WORK TO BE COMPLETED -
Check each line of the entries for "their" and report the ones that have it.

----------------------------------------

(* Let $\gamma\in\mathcal{K}^{\mathcal{P}^{-1}}$ and $\Psi\in\mathcal{K}_{\mathrm{FxT}}$. Then there exist $\lambda\ge1$ and $\tilde\Psi\in\mathcal{K}_{\mathrm{FxT}}$ such that $\lambda\gamma^{\lambda-1}(s)\gamma'(s)\Psi(s)\ge\tilde\Psi(\gamma^\lambda(s))$ for all $s>0$.
   Context: $\mathcal{K}_\infty$ is the set of continuous strictly increasing unbounded $\alpha:\mathbb{R}_{\ge0}\to\mathbb{R}_{\ge0}$ with $\alpha(0)=0$. $\mathcal{K}^{\mathcal{P}}$ is the set of $\alpha\in\mathcal{K}_\infty$ of the form $\alpha(s)=\sum_{i=1}^nc_is^{p_i}$ with real $c_i\neq0$, $p_i>0$, and $\alpha'(s)>0$ for all $s>0$. $\mathcal{K}^{\mathcal{P}^{-1}}$ is the set of $\alpha\in\mathcal{K}_\infty$ with $\alpha^{-1}\in\mathcal{K}^{\mathcal{P}}$. $\mathcal{K}_{\mathrm{FxT}}$ is the set of functions $c_1s^{p_1}+c_2s^{p_2}$ with $c_1,c_2>0$, $p_1\in(0,1)$, $p_2>1$. $\gamma^\lambda(s)$ denotes $(\gamma(s))^\lambda$. *)

theory Defs
  imports "HOL-Analysis.Analysis"
begin

text \<open>Functions on the nonnegative reals are represented as real \<Rightarrow> real;
only their values on {0..} matter.\<close>

definition K_inf :: "(real \<Rightarrow> real) \<Rightarrow> bool" where
  "K_inf \<alpha> \<longleftrightarrow> continuous_on {0..} \<alpha> \<and> strict_mono_on {0..} \<alpha> \<and> \<alpha> 0 = 0
     \<and> (\<forall>s\<ge>0. \<alpha> s \<ge> 0) \<and> (\<forall>M. \<exists>s\<ge>0. \<alpha> s > M)"

definition K_P :: "(real \<Rightarrow> real) \<Rightarrow> bool" where
  "K_P \<alpha> \<longleftrightarrow> K_inf \<alpha> \<and>
     (\<exists>(n::nat) (c::nat \<Rightarrow> real) (p::nat \<Rightarrow> real).
        (\<forall>i<n. c i \<noteq> 0 \<and> p i > 0) \<and> (\<forall>s\<ge>0. \<alpha> s = (\<Sum>i<n. c i * s powr p i))) \<and>
     (\<forall>s>0. \<alpha> differentiable at s \<and> deriv \<alpha> s > 0)"

definition K_P_inv :: "(real \<Rightarrow> real) \<Rightarrow> bool" where
  "K_P_inv \<alpha> \<longleftrightarrow> K_inf \<alpha> \<and>
     (\<exists>\<beta>. K_P \<beta> \<and> (\<forall>s\<ge>0. \<beta> (\<alpha> s) = s) \<and> (\<forall>s\<ge>0. \<alpha> (\<beta> s) = s))"

definition K_FxT :: "(real \<Rightarrow> real) \<Rightarrow> bool" where
  "K_FxT \<Psi> \<longleftrightarrow> (\<exists>c1 c2 p1 p2. c1 > 0 \<and> c2 > 0 \<and> 0 < p1 \<and> p1 < 1 \<and> p2 > 1 \<and>
     (\<forall>s\<ge>0. \<Psi> s = c1 * s powr p1 + c2 * s powr p2))"

end

theory Submission
  imports Defs
begin

text \<open>Take \<open>\<lambda> = 1\<close> and let \<open>\<beta>\<close> be the inverse of \<open>\<gamma>\<close>, a finite sum \<open>\<Sum>\<^sub>e d\<^sub>e t powr e\<close>
with positive exponents which, after merging equal exponents, has nonzero coefficients.
Substituting \<open>t = \<gamma> s\<close> and \<open>\<gamma>' s = 1 / \<beta>' t\<close>, the claim becomes \<open>\<Psi>' t \<le> \<Psi> (\<beta> t) / \<beta>' t\<close>
for \<open>t > 0\<close>. Near \<open>0\<close>, \<open>\<beta>\<close> and \<open>\<beta>'\<close> behave like their terms of lowest exponent \<open>e\<close>, so
\<open>c\<^sub>1 \<beta> powr q\<^sub>1 / \<beta>'\<close> is at least a multiple of \<open>t powr (e (q\<^sub>1 - 1) + 1)\<close>, an exponent
below \<open>1\<close>; near \<open>\<infinity>\<close> the highest exponent gives the analogous bound for
\<open>c\<^sub>2 \<beta> powr q\<^sub>2 / \<beta>'\<close> with an exponent above \<open>1\<close>. In between, the quotient is continuous
and positive, hence bounded below on compact intervals, and the three bounds glue to a
single \<open>a t powr r\<^sub>1 + a t powr r\<^sub>2\<close>.\<close>

lemma powr_sum_regroup_exponents:
  fixes c p :: "nat \<Rightarrow> real"
  assumes "\<forall>i<n. p i > 0"
  shows "\<exists>E d. finite E \<and> (\<forall>e\<in>E. e > 0 \<and> d e \<noteq> 0) \<and>
           (\<forall>t. (\<Sum>i<n. c i * t powr p i) = (\<Sum>e\<in>E. d e * t powr e))"
proof -
  define P where "P = p ` {..<n}"
  define d where "d e = (\<Sum>i\<in>{i\<in>{..<n}. p i = e}. c i)" for e
  define E where "E = {e\<in>P. d e \<noteq> 0}"
  have "finite P" by (simp add: P_def)
  have "(\<Sum>i<n. c i * t powr p i) = (\<Sum>e\<in>E. d e * t powr e)" for t
  proof -
    have "(\<Sum>i<n. c i * t powr p i) = (\<Sum>e\<in>P. \<Sum>i\<in>{i\<in>{..<n}. p i = e}. c i * t powr p i)"
      unfolding P_def by (rule sum.image_gen) simp
    also have "\<dots> = (\<Sum>e\<in>P. d e * t powr e)"
      unfolding d_def sum_distrib_right by (intro sum.cong refl) auto
    also have "\<dots> = (\<Sum>e\<in>E. d e * t powr e)"
      using \<open>finite P\<close> by (intro sum.mono_neutral_right) (auto simp: E_def)
    finally show ?thesis .
  qed
  moreover have "finite E" using \<open>finite P\<close> by (simp add: E_def)
  moreover have "\<forall>e\<in>E. e > 0 \<and> d e \<noteq> 0" using assms by (auto simp: E_def P_def)
  ultimately show ?thesis by blast
qed

lemma tendsto_powr_sum_at_right_0:
  fixes g :: "real \<Rightarrow> real"
  assumes "finite E" "E \<noteq> {}"
  shows "((\<lambda>t. (\<Sum>e\<in>E. g e * t powr (e - k)) / t powr (Min E - k)) \<longlongrightarrow> g (Min E)) (at_right 0)"
proof -
  have "((\<lambda>t. \<Sum>e\<in>E. g e * t powr (e - Min E)) \<longlongrightarrow> (\<Sum>e\<in>E. g e * (if e = Min E then 1 else 0)))
          (at_right 0)"
  proof (intro tendsto_sum tendsto_mult tendsto_const)
    fix e assume "e \<in> E"
    then consider "e = Min E" | "e > Min E" using assms by (metis Min_le order_le_less)
    then show "((\<lambda>t. t powr (e - Min E)) \<longlongrightarrow> (if e = Min E then 1 else 0)) (at_right (0::real))"
    proof cases
      case 1
      have "\<forall>\<^sub>F t in at_right (0::real). 1 = t powr (e - Min E)"
        using eventually_at_right_less[of 0] by eventually_elim (simp add: 1)
      then show ?thesis using 1 by (simp add: tendsto_eventually)
    next
      case 2
      then show ?thesis
        by (auto intro!: tendsto_zero_powrI tendsto_ident_at eventually_at_right_less[THEN eventually_mono])
    qed
  qed
  moreover have "(\<Sum>e\<in>E. g e * (if e = Min E then 1 else 0)) = g (Min E)"
    using assms by (simp add: if_distrib sum.delta' cong: if_cong)
  moreover have "\<forall>\<^sub>F t in at_right 0.
      (\<Sum>e\<in>E. g e * t powr (e - Min E)) = (\<Sum>e\<in>E. g e * t powr (e - k)) / t powr (Min E - k)"
    using eventually_at_right_less[of 0]
  proof eventually_elim
    case (elim t)
    have "g e * t powr (e - k) / t powr (Min E - k) = g e * t powr (e - Min E)" for e
      using elim by (simp add: powr_diff field_simps)
    then show ?case by (simp add: sum_divide_distrib)
  qed
  ultimately show ?thesis by (simp add: tendsto_cong)
qed

lemma tendsto_powr_sum_at_top:
  fixes g :: "real \<Rightarrow> real"
  assumes "finite E" "E \<noteq> {}"
  shows "((\<lambda>t. (\<Sum>e\<in>E. g e * t powr (e - k)) / t powr (Max E - k)) \<longlongrightarrow> g (Max E)) at_top"
proof -
  have "((\<lambda>t. \<Sum>e\<in>E. g e * t powr (e - Max E)) \<longlongrightarrow> (\<Sum>e\<in>E. g e * (if e = Max E then 1 else 0)))
          at_top"
  proof (intro tendsto_sum tendsto_mult tendsto_const)
    fix e assume "e \<in> E"
    then consider "e = Max E" | "e < Max E" using assms by (metis Max_ge order_le_less)
    then show "((\<lambda>t. t powr (e - Max E)) \<longlongrightarrow> (if e = Max E then 1 else 0)) (at_top :: real filter)"
    proof cases
      case 1
      have "\<forall>\<^sub>F t in at_top. 1 = (t::real) powr (e - Max E)"
        using eventually_gt_at_top[of 0] by eventually_elim (simp add: 1)
      then show ?thesis using 1 by (simp add: tendsto_eventually)
    next
      case 2
      then show ?thesis by (auto intro!: tendsto_neg_powr filterlim_ident)
    qed
  qed
  moreover have "(\<Sum>e\<in>E. g e * (if e = Max E then 1 else 0)) = g (Max E)"
    using assms by (simp add: if_distrib sum.delta' cong: if_cong)
  moreover have "\<forall>\<^sub>F t in at_top.
      (\<Sum>e\<in>E. g e * t powr (e - Max E)) = (\<Sum>e\<in>E. g e * t powr (e - k)) / t powr (Max E - k)"
    using eventually_gt_at_top[of 0]
  proof eventually_elim
    case (elim t)
    have "g e * t powr (e - k) / t powr (Max E - k) = g e * t powr (e - Max E)" for e
      using elim by (simp add: powr_diff field_simps)
    then show ?case by (simp add: sum_divide_distrib)
  qed
  ultimately show ?thesis by (simp add: tendsto_cong)
qed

----------------------------------------

RESULT OF THIS TASK -
only their values on {0..} matter.\<close>
for \<open>t > 0\<close>. Near \<open>0\<close>, \<open>\<beta>\<close> and \<open>\<beta>'\<close> behave like their terms of lowest exponent \<open>e\<close>, so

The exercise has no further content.